From the first line of the entries below to the line with "unfolding pos_rank_def by", give each line again exactly.

......

lemma bij_betw_pos_rank:
  assumes "finite V" "inj_on pos V"
  shows "bij_betw (pos_rank V pos) V {0..<card V}"
proof -
  have less: "pos_rank V pos x < pos_rank V pos y" if "x \<in> V" "y \<in> V" "pos x < pos y" for x y
    unfolding pos_rank_def using that assms(1) by (intro psubset_card_mono) auto
  have "inj_on (pos_rank V pos) V"
    by (rule inj_onI) (metis assms(2) inj_onD less less_irrefl linorder_neqE)
  moreover have "pos_rank V pos ` V \<subseteq> {0..<card V}"
    unfolding pos_rank_def using assms(1) by (auto intro!: psubset_card_mono)
  ultimately show ?thesis
    by (simp add: bij_betw_def card_image card_subset_eq)
qed

lemma pos_rank_le_add_pos_diff:
  assumes "finite V" "inj_on pos V" "pos y \<le> pos x"
  shows "pos_rank V pos x \<le> pos_rank V pos y + nat (pos x - pos y)"
proof -
  define between where "between = {w \<in> V. pos y \<le> pos w \<and> pos w < pos x}"
  have "pos_rank V pos x \<le> card ({w \<in> V. pos w < pos y} \<union> between)"
    unfolding pos_rank_def using assms(1) by (intro card_mono) (auto simp: between_def)
  also have "\<dots> \<le> pos_rank V pos y + card between"
    unfolding pos_rank_def by (rule card_Un_le)
  also have "card between = card (pos ` between)"
    using assms(2) by (intro card_image[symmetric]) (auto simp: between_def inj_on_def)
  also have "\<dots> \<le> card {pos y..<pos x}"
    by (intro card_mono) (auto simp: between_def)
  finally show ?thesis
    by simp
qed

lemma pos_rank_close:
  assumes "finite V" "inj_on pos V" "\<bar>pos x - pos y\<bar> \<le> int m"
  shows "pos_rank V pos x \<le> pos_rank V pos y + m"
proof (cases "pos y \<le> pos x")
  case True
  then show ?thesis
    using pos_rank_le_add_pos_diff[OF assms(1,2) True] assms(3) by linarith
next
  case False
  then have "pos_rank V pos x \<le> pos_rank V pos y"
    unfolding pos_rank_def using assms(1) by (intro card_mono) auto
  then show ?thesis
    by simp
qed

theorem equitably_choosable_if_bandwidth:
  assumes "finite V" "inj_on pos V"
    and bandwidth: "\<forall>x\<in>V. \<forall>y\<in>V. E x y \<longrightarrow> \<bar>pos x - pos y\<bar> \<le> int m"
    and irrefl: "\<forall>x\<in>V. \<not> E x x"
  shows "equitably_choosable V E (Suc m)"
  unfolding equitably_choosable_def
proof (intro allI impI)
  fix L assume lists: "k_assignment V L (Suc m)"
  define r where "r = pos_rank V pos"
  define E' where "E' x y \<longleftrightarrow> E x y \<or> (x \<noteq> y \<and> r x div Suc m = r y div Suc m)" for x y
  have bij: "bij_betw r V {0..<card V}"
    unfolding r_def using assms(1,2) by (rule bij_betw_pos_rank)
  have "\<forall>x\<in>V. \<forall>y\<in>V. E' x y \<longrightarrow> r x \<le> r y + m \<and> r y \<le> r x + m"
    using bandwidth pos_rank_close[OF assms(1,2)] le_add_if_div_eq
    by (auto simp: E'_def r_def abs_minus_commute)
  moreover have "\<forall>x\<in>V. \<not> E' x x"
    using irrefl by (simp add: E'_def)
  ultimately have "\<exists>f. (\<forall>v\<in>V. f v \<in> L v) \<and> (\<forall>x\<in>V. \<forall>y\<in>V. E' x y \<longrightarrow> f x \<noteq> f y)"
    by (intro list_colouring_if_rank_bandwidth[OF bij _ lists])
  then obtain f where f_in: "\<forall>v\<in>V. f v \<in> L v"
    and f_proper: "\<forall>x\<in>V. \<forall>y\<in>V. E' x y \<longrightarrow> f x \<noteq> f y"
    by blast
  have "card {v \<in> V. f v = c} \<le> nat \<lceil>real (card V) / real (Suc m)\<rceil>" for c
  proof (rule card_le_ceiling_if_inj_on_div)
    show "inj_on (\<lambda>v. r v div Suc m) {v \<in> V. f v = c}"
      using f_proper unfolding inj_on_def E'_def by fastforce
    show "\<forall>v\<in>{v \<in> V. f v = c}. r v < card V"
      using bij by (auto simp: bij_betw_def)
  qed simp
  then have "equitable_L_coloring V E L (Suc m) f"
    unfolding equitable_L_coloring_def using f_in f_proper by (simp add: E'_def)
  then show "\<exists>f. equitable_L_coloring V E L (Suc m) f"
    by blast
qed

section \<open>A layout of the square of a spider\<close>

text \<open>Legs \<open>3, \<dots>, num_right_legs m + 2\<close> go to the right, the remaining ones to the left.
On a side carrying \<open>s\<close> legs, the vertex at depth \<open>j\<close> of the \<open>r\<close>-th leg sits at distance
\<open>side_pos m s r j\<close> from the centre: depths 1 and 2 fill the slots \<open>2, \<dots>, 2s + 1\<close>, and depth
\<open>j \<ge> 3\<close> the \<open>(j - 3)\<close>-th block of \<open>s\<close> slots after \<open>m\<close>. Leg 1 takes \<open>-1\<close> and \<open>-m\<close>, leg 2
takes \<open>1\<close> and whichever of \<open>m\<close>, \<open>-(m - 1)\<close> the two sides leave free, depending on the
parity of \<open>m\<close>.\<close>

definition num_right_legs :: "nat \<Rightarrow> nat" where
  "num_right_legs m = (m - 1) div 2"

definition num_left_legs :: "nat \<Rightarrow> nat" where
  "num_left_legs m = m - 2 - num_right_legs m"

definition side_pos :: "nat \<Rightarrow> nat \<Rightarrow> nat \<Rightarrow> nat \<Rightarrow> int" where
  "side_pos m s r j =
     (if j = 1 then 2 + int r
      else if j = 2 then int s + 2 + int r
      else int m + 1 + int (j - 3) * int s + int r)"

definition spider_pos :: "nat \<Rightarrow> nat \<times> nat \<Rightarrow> int" where
  "spider_pos m v = (case v of (i, j) \<Rightarrow>
     if i = 0 then 0
     else if i = 1 then (if j = 1 then -1 else - int m)
     else if i = 2 then (if j = 1 then 1 else if even m then int m else - (int m - 1))
     else if i \<le> num_right_legs m + 2 then side_pos m (num_right_legs m) (i - 3) j
     else - side_pos m (num_left_legs m) (i - num_right_legs m - 3) j)"

lemma num_legs:
  assumes "m \<ge> 3"
  shows "num_left_legs m + num_right_legs m + 2 = m"
    and "2 * num_right_legs m + 1 \<le> m" "2 * num_left_legs m + 2 \<le> m"
    and "even m \<Longrightarrow> 2 * num_right_legs m + 2 = m"
    and "odd m \<Longrightarrow> 2 * num_left_legs m + 3 = m"
proof -
  have "m - 1 = 2 * num_right_legs m + (m - 1) mod 2"
    by (simp add: num_right_legs_def)
  moreover have "(m - 1) mod 2 = (if even m then 1 else 0)"
    using assms by presburger
  ultimately show "num_left_legs m + num_right_legs m + 2 = m"
    and "2 * num_right_legs m + 1 \<le> m" "2 * num_left_legs m + 2 \<le> m"
    and "even m \<Longrightarrow> 2 * num_right_legs m + 2 = m"
    and "odd m \<Longrightarrow> 2 * num_left_legs m + 3 = m"
    using assms by (auto simp: num_left_legs_def split: if_split_asm)
qed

......

## Solution for this exercise
lemma bij_betw_pos_rank:
  assumes "finite V" "inj_on pos V"
  shows "bij_betw (pos_rank V pos) V {0..<card V}"
proof -
  have less: "pos_rank V pos x < pos_rank V pos y" if "x \<in> V" "y \<in> V" "pos x < pos y" for x y
    unfolding pos_rank_def using that assms(1) by (intro psubset_card_mono) auto
  have "inj_on (pos_rank V pos) V"
    by (rule inj_onI) (metis assms(2) inj_onD less less_irrefl linorder_neqE)
  moreover have "pos_rank V pos ` V \<subseteq> {0..<card V}"
    unfolding pos_rank_def using assms(1) by (auto intro!: psubset_card_mono)
  ultimately show ?thesis
    by (simp add: bij_betw_def card_image card_subset_eq)
qed

lemma pos_rank_le_add_pos_diff:
  assumes "finite V" "inj_on pos V" "pos y \<le> pos x"
  shows "pos_rank V pos x \<le> pos_rank V pos y + nat (pos x - pos y)"
proof -
  define between where "between = {w \<in> V. pos y \<le> pos w \<and> pos w < pos x}"
  have "pos_rank V pos x \<le> card ({w \<in> V. pos w < pos y} \<union> between)"
    unfolding pos_rank_def using assms(1) by (intro card_mono) (auto simp: between_def)
  also have "\<dots> \<le> pos_rank V pos y + card between"
    unfolding pos_rank_def by (rule card_Un_le)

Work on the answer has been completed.